_Supplied records_
(* Let $p\in(1/2,1)$, $V\in\{G,B\}$ and $r\ge2$ an integer, and let $p_f$ denote the value of $p_f$ at $\epsilon=\epsilon_r$. Then $$\lim_{\epsilon\to\epsilon_r^+}\mathbb{P}_{Y\text{-cas}}(\epsilon)=p_f^{r+1}\frac{1+(1-p_f)p_f^{r}}{1-r(1-p_f)p_f^{r}},\qquad \lim_{\epsilon\to\epsilon_r^-}\mathbb{P}_{Y\text{-cas}}(\epsilon)=\frac{p_f^{r}}{1-r(1-p_f)p_f^{r}},$$ so that as $\epsilon$ increases through $\epsilon_r$ the probability of a $Y$ cascade decreases, with relative drop $$\delta_r=\frac{\mathbb{P}_{Y\text{-cas}}(\epsilon_r^-)-\mathbb{P}_{Y\text{-cas}}(\epsilon_r^+)}{\mathbb{P}_{Y\text{-cas}}(\epsilon_r^-)}=(1-p_f)(1-p_f^{r+1}).$$
   Context: Observational learning model: an item has true value $V\in\{G,B\}$; agents arrive sequentially, each receives a private binary signal equal to the "correct" signal with probability $p\in(1/2,1)$, and each agent is independently fake with probability $\epsilon\in[0,1)$ (a fake agent's recorded action is always $Y$ = buy). Define $a=p+(1-p)\epsilon$, $b=p(1-\epsilon)$, $\alpha=p/(1-p)$ and $\eta=\eta(\epsilon)=\log\big(a/(1-b)\big)/\log\alpha\in(0,1]$. Given $V$, let $p_f=a$ if $V=G$ and $p_f=1-b$ if $V=B$. Before any cascade, the agents' sufficient statistic $h$ evolves as the following random walk: $h_0=0$ and, independently at each step, $h$ increases by $\eta$ with probability $p_f$ (an observed $Y$) or decreases by $1$ with probability $1-p_f$ (an observed $N$); the walk is stopped the first time it leaves $[-1,1]$. Leaving above $1$ is a $Y$ cascade. $\mathbb{P}_{Y\text{-cas}}(\epsilon)$ denotes the probability (given $V$) that the walk leaves $[-1,1]$ above $1$. The thresholds are $\epsilon_r=\dfrac{\alpha-\alpha^{1/r}}{\alpha^{1/r+1}-1}$, $r=1,2,\ldots$. *)

theory Defs
  imports Complex_Main
begin

datatype item_value = G | B

definition a_par :: "real \<Rightarrow> real \<Rightarrow> real" where
  "a_par p \<epsilon> = p + (1 - p) * \<epsilon>"

definition b_par :: "real \<Rightarrow> real \<Rightarrow> real" where
  "b_par p \<epsilon> = p * (1 - \<epsilon>)"

definition alpha_par :: "real \<Rightarrow> real" where
  "alpha_par p = p / (1 - p)"

definition eta_par :: "real \<Rightarrow> real \<Rightarrow> real" where
  "eta_par p \<epsilon> = ln (a_par p \<epsilon> / (1 - b_par p \<epsilon>)) / ln (alpha_par p)"

definition p_f :: "item_value \<Rightarrow> real \<Rightarrow> real \<Rightarrow> real" where
  "p_f V p \<epsilon> = (case V of G \<Rightarrow> a_par p \<epsilon> | B \<Rightarrow> 1 - b_par p \<epsilon>)"

definition eps_thr :: "real \<Rightarrow> nat \<Rightarrow> real" where
  "eps_thr p r = (alpha_par p - alpha_par p powr (1 / real r))
                 / (alpha_par p powr (1 / real r + 1) - 1)"

text \<open>The random walk: a path is a list of observed actions (True = Y = step +eta,
  False = N = step -1). h after the path:\<close>
definition walk_pos :: "real \<Rightarrow> bool list \<Rightarrow> real" where
  "walk_pos \<eta> xs = (\<Sum>x\<leftarrow>xs. if x then \<eta> else -1)"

_Task objective_
Once the line containing "V p \<epsilon>" is found, print it and every line after it through the end of the listing, exactly and alone.

_Expected answer_
  "p_f V p \<epsilon> = (case V of G \<Rightarrow> a_par p \<epsilon> | B \<Rightarrow> 1 - b_par p \<epsilon>)"

definition eps_thr :: "real \<Rightarrow> nat \<Rightarrow> real" where
  "eps_thr p r = (alpha_par p - alpha_par p powr (1 / real r))
                 / (alpha_par p powr (1 / real r + 1) - 1)"

text \<open>The random walk: a path is a list of observed actions (True = Y = step +eta,
  False = N = step -1). h after the path:\<close>
definition walk_pos :: "real \<Rightarrow> bool list \<Rightarrow> real" where
  "walk_pos \<eta> xs = (\<Sum>x\<leftarrow>xs. if x then \<eta> else -1)"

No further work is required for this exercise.